Une étude publiée dans le journal Frontiers in Psychology sous le nom de Positive Leadership Action Framework (PLAF) propose un modèle d’actions concrètes liées au leadership positif. Les auteurs montrent que des comportements comme la reconnaissance fréquente, la mise en avant des forces, la construction de relations de qualité ou la clarification du sens du travail ont un lien direct avec l’engagement, le bien-être psychologique et la performance auto-déclarée.
4. Les comportements quotidiens d’un leader vertueux
Le mot “vertu” peut faire peur, comme s’il fallait un niveau moral hors d’atteinte. Les recherches et les retours d’expérience de terrain racontent autre chose. Le leadership vertueux se joue dans des gestes ordinaires, répétés, qui finissent par créer une norme. Des plateformes comme Bonusly, qui travaillent sur la reconnaissance au travail, le montrent bien.
Les auteurs de Bonusly, dans un article sur les “4 P” du leadership positif, décrivent quatre leviers : Psychological safety, Purpose, Path et Progress. Un leader vertueux prend soin de ces quatre zones de la façon suivante :
- Sécurité psychologique : il accepte les questions naïves, remercie quand quelqu’un alerte sur un risque, protège celui qui ose dire “je ne sais pas”.
- But (purpose) : il relie régulièrement les tâches de l’équipe à une utilité pour le client, le patient, l’usager. Il explique pourquoi telle décision sert la mission, même si elle dérange.
- Chemin (path) : il clarifie les attentes, les rôles, les priorités. Les recherches citées par Bonusly insistent sur la nécessité pour chaque membre de connaître ses marges d’autonomie et les ressources disponibles.
- Progrès : il souligne les avancées, même modestes, afin que l’équipe sente qu’elle avance, pas seulement qu’elle éteint des incendies.
L’article de Camille Lamouille, psychologue positive, parle du “cercle vertueux de la performance” au travail. Plus de bien-être nourrit l’engagement, qui lui-même nourrit la performance. Un leader vertueux nourrit ce cercle par des choix très concrets : droit à l’erreur, culture du feedback, usage des forces plutôt que focalisation exclusive sur les faiblesses.

L’article de Coursera sur le leadership positif rappelle que ce style de management utilise un langage positif, valorise la responsabilité plutôt que la peur, et donne aux équipes de l’espace pour innover sans micro-contrôle permanent. Un leader vertueux ne nie pas les problèmes. Il les affronte en valorisant les ressources présentes, au lieu de réduire son équipe à ce qui manque.
5. De l’individu à la culture : comment le leadership vertueux transforme une organisation
Un leader isolé peut initier un mouvement. Pour que les effets tiennent, l’entreprise doit intégrer les vertus dans ses rituels, ses décisions de carrière, ses dispositifs RH. L’Institut Français du Leadership Positif se présente comme pionnier en Europe dans l’application de la psychologie positive et des neurosciences aux organisations. Ses programmes montrent que le passage au collectif change la donne.

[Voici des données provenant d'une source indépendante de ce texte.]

(* Let $\mathcal{F}$ be a family of $n$ pseudo-parabolas in the plane and let $k$ be a positive integer. Then the number of intersection points of two curves in $\mathcal{F}$ that lie strictly above at most $k-2$ other curves in $\mathcal{F}$ is at most $2(k-1)n$.
   Context: A family of pseudo-parabolas is a family of bi-infinite $x$-monotone curves in the plane (graphs of continuous functions defined on all of $\mathbb{R}$), every two of which intersect in at most two points. *)

theory Defs
  imports Complex_Main
begin

definition pseudo_parabolas :: "(real \<Rightarrow> real) set \<Rightarrow> bool" where
  "pseudo_parabolas F \<longleftrightarrow>
     (\<forall>f\<in>F. continuous_on UNIV f) \<and>
     (\<forall>f\<in>F. \<forall>g\<in>F. f \<noteq> g \<longrightarrow> finite {x. f x = g x} \<and> card {x. f x = g x} \<le> 2)"

definition low_vertices :: "(real \<Rightarrow> real) set \<Rightarrow> int \<Rightarrow> (real \<times> real) set" where
  "low_vertices F m =
     {(x, y). (\<exists>f\<in>F. \<exists>g\<in>F. f \<noteq> g \<and> f x = y \<and> g x = y) \<and>
              int (card {h\<in>F. h x < y}) \<le> m}"

end

theory Submission
  imports Defs
begin

text \<open>Charge every intersection point of two curves f and g to a side of it: since f and g
meet at most twice, on one of the two open half-lines bounded by the point they do not meet,
so there one of them, say g, lies strictly above the other. Fix g and the left side. If
x0 < x1 < ... are the points charged to g from the left, the witnessing curves fi
(through g at xi, below g to its left) are pairwise different, and for i > 0 fi passes
strictly below g at x0. At most k - 2 curves are below x0, so g receives at most k - 1 charges
from each side, and there are n curves. The right side is the left side of the family
reflected by t \<mapsto> -t.\<close>

lemma continuous_on_connected_sign:
  fixes h :: "'a::topological_space \<Rightarrow> real"
  assumes "continuous_on S h" and "connected S" and "\<And>t. t \<in> S \<Longrightarrow> h t \<noteq> 0"
  shows "(\<forall>t\<in>S. 0 < h t) \<or> (\<forall>t\<in>S. h t < 0)"
proof (rule ccontr)
  assume "\<not> ?thesis"
  then obtain a b where "a \<in> S" "b \<in> S" "h a \<le> 0" "0 \<le> h b" by force
  moreover have "connected (h ` S)"
    using assms(1,2) by (rule connected_continuous_image)
  ultimately have "0 \<in> h ` S"
    unfolding connected_iff_interval by blast
  with assms(3) show False by auto
qed

lemma pseudo_parabolas_vertex_side:
  assumes "pseudo_parabolas F" and "f \<in> F" and "g \<in> F" and "f \<noteq> g" and "f x = g x"
  obtains S where "S = {..<x} \<or> S = {x<..}" and "(\<forall>t\<in>S. f t < g t) \<or> (\<forall>t\<in>S. g t < f t)"
proof -
  let ?Z = "{t. f t = g t}"
  have "finite ?Z" and "card ?Z \<le> 2" and cont_f: "continuous_on UNIV f" and cont_g: "continuous_on UNIV g"
    using assms(1-4) unfolding pseudo_parabolas_def by auto
  have "(\<forall>t\<in>{..<x}. f t \<noteq> g t) \<or> (\<forall>t\<in>{x<..}. f t \<noteq> g t)"
  proof (rule ccontr)
    assume "\<not> ?thesis"
    then obtain t\<^sub>1 t\<^sub>2 where "t\<^sub>1 < x" "f t\<^sub>1 = g t\<^sub>1" "x < t\<^sub>2" "f t\<^sub>2 = g t\<^sub>2" by auto
    with \<open>f x = g x\<close> have "{t\<^sub>1, x, t\<^sub>2} \<subseteq> ?Z" and "card {t\<^sub>1, x, t\<^sub>2} = 3" by auto
    then have "3 \<le> card ?Z" using card_mono[OF \<open>finite ?Z\<close>] by metis
    with \<open>card ?Z \<le> 2\<close> show False by simp
  qed
  then obtain S where S: "S = {..<x} \<or> S = {x<..}" and meet_free: "\<forall>t\<in>S. f t \<noteq> g t"
    by blast
  have "continuous_on S (\<lambda>t. g t - f t)"
    using continuous_on_diff[OF continuous_on_subset[OF cont_g] continuous_on_subset[OF cont_f]] by simp
  moreover have "connected S" using S by auto
  moreover have "\<And>t. t \<in> S \<Longrightarrow> g t - f t \<noteq> 0" using meet_free by (metis eq_iff_diff_eq_0)
  ultimately have "(\<forall>t\<in>S. 0 < g t - f t) \<or> (\<forall>t\<in>S. g t - f t < 0)"
    by (rule continuous_on_connected_sign)
  with S show thesis by (intro that[of S]) auto
qed

lemma pseudo_parabolas_finite_meets:
  assumes "pseudo_parabolas F" and "finite F" and "g \<in> F"
  shows "finite {x. \<exists>f\<in>F. f \<noteq> g \<and> f x = g x}"
proof -
  have "{x. \<exists>f\<in>F. f \<noteq> g \<and> f x = g x} = (\<Union>f\<in>F - {g}. {x. f x = g x})" by auto
  with assms show ?thesis unfolding pseudo_parabolas_def by auto
qed

text \<open>The points charged to g from the half-line side x (the instances are lessThan and
greaterThan); j bounds the number of curves strictly below the point.\<close>

definition low_contacts ::
    "(real \<Rightarrow> real) set \<Rightarrow> nat \<Rightarrow> (real \<Rightarrow> real) \<Rightarrow> (real \<Rightarrow> real set) \<Rightarrow> real set" where
  "low_contacts F j g side =
     {x. card {h\<in>F. h x < g x} < j \<and> (\<exists>f\<in>F. f x = g x \<and> (\<forall>t\<in>side x. f t < g t))}"

lemma finite_low_contacts:
  assumes "pseudo_parabolas F" and "finite F" and "g \<in> F" and "\<And>x. side x \<noteq> {}"
  shows "finite (low_contacts F j g side)"
proof (rule finite_subset[OF _ pseudo_parabolas_finite_meets[OF assms(1-3)]])
  show "low_contacts F j g side \<subseteq> {x. \<exists>f\<in>F. f \<noteq> g \<and> f x = g x}"
    unfolding low_contacts_def using assms(4) by (fastforce simp: ex_in_conv[symmetric])
qed

lemma card_low_contacts_left:
  assumes "finite F"
  shows "card (low_contacts F j g lessThan) \<le> j"
proof -
  let ?A = "low_contacts F j g lessThan"
  show ?thesis
  proof (cases "finite ?A \<and> ?A \<noteq> {}")
    case False
    then show ?thesis by auto
  next
    case True
    define x\<^sub>0 where "x\<^sub>0 = Min ?A"
    have "x\<^sub>0 \<in> ?A" and x\<^sub>0_le: "\<And>x. x \<in> ?A \<Longrightarrow> x\<^sub>0 \<le> x"
      using True unfolding x\<^sub>0_def by auto
    define below where "below = {h\<in>F. h x\<^sub>0 < g x\<^sub>0}"
    have "card below < j" using \<open>x\<^sub>0 \<in> ?A\<close> unfolding low_contacts_def below_def by simp
    have "\<forall>x\<in>?A. \<exists>f. f \<in> F \<and> f x = g x \<and> (\<forall>t<x. f t < g t)"
      unfolding low_contacts_def by auto
    then obtain w where w: "\<And>x. x \<in> ?A \<Longrightarrow> w x \<in> F \<and> w x x = g x \<and> (\<forall>t<x. w x t < g t)"
      by metis
    have w_distinct: "w x \<noteq> w y" if "x \<in> ?A" and "y \<in> ?A" and "x < y" for x y
      using w[OF that(1)] w[OF that(2)] that(3) by force
    have "inj_on w ?A"
      by (rule inj_onI) (metis w_distinct linorder_neqE_linordered_idom)
    then have "inj_on w (?A - {x\<^sub>0})" by (rule inj_on_diff)
    moreover have "w ` (?A - {x\<^sub>0}) \<subseteq> below"
    proof
      fix f assume "f \<in> w ` (?A - {x\<^sub>0})"
      then obtain x where "x \<in> ?A" "x\<^sub>0 < x" "f = w x"
        using x\<^sub>0_le by force
      then show "f \<in> below" using w unfolding below_def by blast
    qed
    moreover have "finite below" using assms unfolding below_def by simp
    ultimately have "card (?A - {x\<^sub>0}) \<le> card below" by (rule card_inj_on_le)
    moreover have "card ?A = Suc (card (?A - {x\<^sub>0}))"
      using True \<open>x\<^sub>0 \<in> ?A\<close> by (blast intro: card.remove)
    ultimately show ?thesis using \<open>card below < j\<close> by linarith
  qed
qed

lemma card_low_contacts_reflect:
  "card (low_contacts F j g greaterThan) =
     card (low_contacts ((\<lambda>h. h \<circ> uminus) ` F) j (g \<circ> uminus) lessThan)"
proof -
  let ?R = "\<lambda>h::real \<Rightarrow> real. h \<circ> uminus"
  have "inj ?R"
  proof (rule injI)
    fix h h' :: "real \<Rightarrow> real" assume "h \<circ> uminus = h' \<circ> uminus"
    then have "h (- (- x)) = h' (- (- x))" for x by (metis comp_apply)
    then show "h = h'" by auto
  qed
  have below: "{h \<in> ?R ` F. h (- x) < (g \<circ> uminus) (- x)} = ?R ` {h\<in>F. h x < g x}" for x
    by auto
  have card_below: "card {h \<in> ?R ` F. h (- x) < (g \<circ> uminus) (- x)} = card {h\<in>F. h x < g x}" for x
    unfolding below using \<open>inj ?R\<close> by (simp add: card_image inj_on_subset)
  have contact: "(\<exists>f\<in>?R ` F. f (- x) = (g \<circ> uminus) (- x) \<and> (\<forall>t\<in>{..<- x}. f t < (g \<circ> uminus) t))
      \<longleftrightarrow> (\<exists>f\<in>F. f x = g x \<and> (\<forall>t\<in>{x<..}. f t < g t))" for x
  proof
    assume "\<exists>f\<in>F. f x = g x \<and> (\<forall>t\<in>{x<..}. f t < g t)"
    then obtain f where "f \<in> F" "f x = g x" and "\<forall>t\<in>{x<..}. f t < g t" by blast
    then show "\<exists>f\<in>?R ` F. f (- x) = (g \<circ> uminus) (- x) \<and> (\<forall>t\<in>{..<- x}. f t < (g \<circ> uminus) t)"
      by (intro bexI[of _ "?R f"]) (auto simp: less_minus_iff)
  next
    assume "\<exists>f\<in>?R ` F. f (- x) = (g \<circ> uminus) (- x) \<and> (\<forall>t\<in>{..<- x}. f t < (g \<circ> uminus) t)"
    then obtain f where "f \<in> F" "f x = g x" and "\<And>t. t < - x \<Longrightarrow> f (- t) < g (- t)" by auto
    then show "\<exists>f\<in>F. f x = g x \<and> (\<forall>t\<in>{x<..}. f t < g t)"
      by (metis greaterThan_iff neg_less_iff_less minus_minus)
  qed
  have reflect: "x \<in> low_contacts F j g greaterThan \<longleftrightarrow> - x \<in> low_contacts (?R ` F) j (g \<circ> uminus) lessThan" for x
    unfolding low_contacts_def mem_Collect_eq card_below contact ..
  have "bij_betw uminus (low_contacts F j g greaterThan) (low_contacts (?R ` F) j (g \<circ> uminus) lessThan)"
    by (rule bij_betw_byWitness[where f' = uminus]) (simp_all add: image_subset_iff reflect)
  then show ?thesis by (rule bij_betw_same_card)
qed

lemma card_low_contacts_right:
  assumes "finite F"
  shows "card (low_contacts F j g greaterThan) \<le> j"
  unfolding card_low_contacts_reflect using assms by (simp add: card_low_contacts_left)

lemma low_vertices_charged:
  assumes "pseudo_parabolas F" and "(x, y) \<in> low_vertices F m"
  obtains g where "g \<in> F" and "y = g x"
    and "x \<in> low_contacts F (nat (m + 1)) g lessThan \<union> low_contacts F (nat (m + 1)) g greaterThan"
proof -
  obtain f g where "f \<in> F" "g \<in> F" "f \<noteq> g" "f x = y" "g x = y"
    and level: "int (card {h\<in>F. h x < y}) \<le> m"
    using assms(2) unfolding low_vertices_def by auto
  have "f x = g x" using \<open>f x = y\<close> \<open>g x = y\<close> by simp
  with assms(1) \<open>f \<in> F\<close> \<open>g \<in> F\<close> \<open>f \<noteq> g\<close>
  obtain S where S: "S = {..<x} \<or> S = {x<..}" and "(\<forall>t\<in>S. f t < g t) \<or> (\<forall>t\<in>S. g t < f t)"
    by (rule pseudo_parabolas_vertex_side)
  then obtain u l where "u \<in> {f, g}" "l \<in> {f, g}" and l_below: "\<forall>t\<in>S. l t < u t"
    by blast
  then have "u \<in> F" "l \<in> F" "u x = y" "l x = y"
    using \<open>f \<in> F\<close> \<open>g \<in> F\<close> \<open>f x = y\<close> \<open>g x = y\<close> by auto
  moreover have "card {h\<in>F. h x < y} < nat (m + 1)" using level by linarith
  ultimately have "x \<in> low_contacts F (nat (m + 1)) u lessThan \<union> low_contacts F (nat (m + 1)) u greaterThan"
    using S l_below unfolding low_contacts_def by auto
  with \<open>u \<in> F\<close> \<open>u x = y\<close> show thesis by (intro that) auto
qed

theorem theorem4:
  fixes F :: "(real \<Rightarrow> real) set" and n k :: nat
  assumes "pseudo_parabolas F" and "finite F" and "card F = n" and "k \<ge> 1"
  shows "card (low_vertices F (int k - 2)) \<le> 2 * (k - 1) * n"
proof -
  define C where "C g = (\<lambda>x. (x, g x)) `
      (low_contacts F (k - 1) g lessThan \<union> low_contacts F (k - 1) g greaterThan)" for g
  have "nat (int k - 2 + 1) = k - 1" using assms(4) by linarith
  then have "low_vertices F (int k - 2) \<subseteq> (\<Union>g\<in>F. C g)"
    unfolding C_def by (force elim: low_vertices_charged[OF assms(1)])
  moreover have "finite (C g)" if "g \<in> F" for g
    unfolding C_def using finite_low_contacts[OF assms(1,2) that] by (simp add: lt_ex gt_ex)
  ultimately have "card (low_vertices F (int k - 2)) \<le> card (\<Union>g\<in>F. C g)"
    using assms(2) by (intro card_mono) auto
  also have "\<dots> \<le> (\<Sum>g\<in>F. card (C g))"
    using assms(2) by (rule card_UN_le)
  also have "\<dots> \<le> (\<Sum>g\<in>F. 2 * (k - 1))"
  proof (rule sum_mono)
    fix g
    have "card (C g) \<le> card (low_contacts F (k - 1) g lessThan) + card (low_contacts F (k - 1) g greaterThan)"
      unfolding C_def by (subst card_image) (auto simp: inj_on_def card_Un_le)
    also have "\<dots> \<le> 2 * (k - 1)"
      using card_low_contacts_left[OF assms(2), of "k - 1" g] card_low_contacts_right[OF assms(2), of "k - 1" g]
      by linarith
    finally show "card (C g) \<le> 2 * (k - 1)" .
  qed
  also have "\<dots> = 2 * (k - 1) * n" using assms(3) by simp
  finally show ?thesis .
qed

end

Le site Leaders21, orienté vers le leadership positif en Europe, explique que ce style de direction s’aligne souvent sur le modèle PERMA de Martin Seligman : Positive Emotions, Engagement, Relationships, Meaning, Achievement. Pour une entreprise, cela se traduit par :
- des pratiques qui suscitent des émotions positives au travail : reconnaissance, rituels de célébration, espaces de convivialité choisis, humour sans moquerie;
- une gestion des missions qui favorise l’engagement : tâches qui utilisent les forces des personnes, niveau de défi ajusté, clarté des priorités;
- une attention forte aux relations : rituels d’équipe, accompagnement des managers, traitement rapide des conflits;
- un travail explicite sur le sens : mission claire, lien entre les projets et des enjeux sociaux ou environnementaux;
- une culture de la réussite partagée : objectifs exigeants mais réalistes, droits à l’essai, célébration des progrès.
Le cabinet Positive Leader, basé sur les principes de la psychologie positive, propose des formations et du coaching pour aider des dirigeants à installer ces pratiques dans la durée. On y retrouve un point récurrent : le leadership vertueux ne se réduit pas à quelques ateliers. Il suppose des choix structurels sur la manière de recruter, de promouvoir, de rémunérer, d’écouter les salariés.
| Style de management | Logique dominante | Effets typiques sur l’équipe |
|---|---|---|
| Management classique centré sur le contrôle | Prévenir l’erreur, surveiller, corriger | Climat de peur, faible prise d’initiative, reporting défensif |
| Management “bienveillant” superficiel | Éviter les conflits, rassurer, arrondir les angles | Non-dits, décisions floues, frustrations latentes |
| Leadership vertueux fondé sur la psychologie positive | Exiger avec équité, s’appuyer sur les forces, travailler le sens | Confiance, feedback direct, prise de responsabilité, énergie durable |
6. Mesurer l’impact du leadership vertueux : performance, santé, rétention
Un dirigeant pragmatique posera toujours la même question : “Est-ce que cela change vraiment les chiffres ?” La littérature scientifique sur le leadership positif et la psychologie positive au travail apporte plusieurs réponses chiffrées.
Les études compilées par Gallup montrent que les équipes avec un haut niveau d’engagement affichent en moyenne :
- 18 % de productivité en plus;
- 23 % de rentabilité en plus;
- 41 % d’absentéisme en moins;
- un taux d’accidents du travail réduit de près de 70 %.
Le leadership vertueux agit précisément sur ce levier d’engagement, par le sens, la reconnaissance, la cohérence entre discours et actes.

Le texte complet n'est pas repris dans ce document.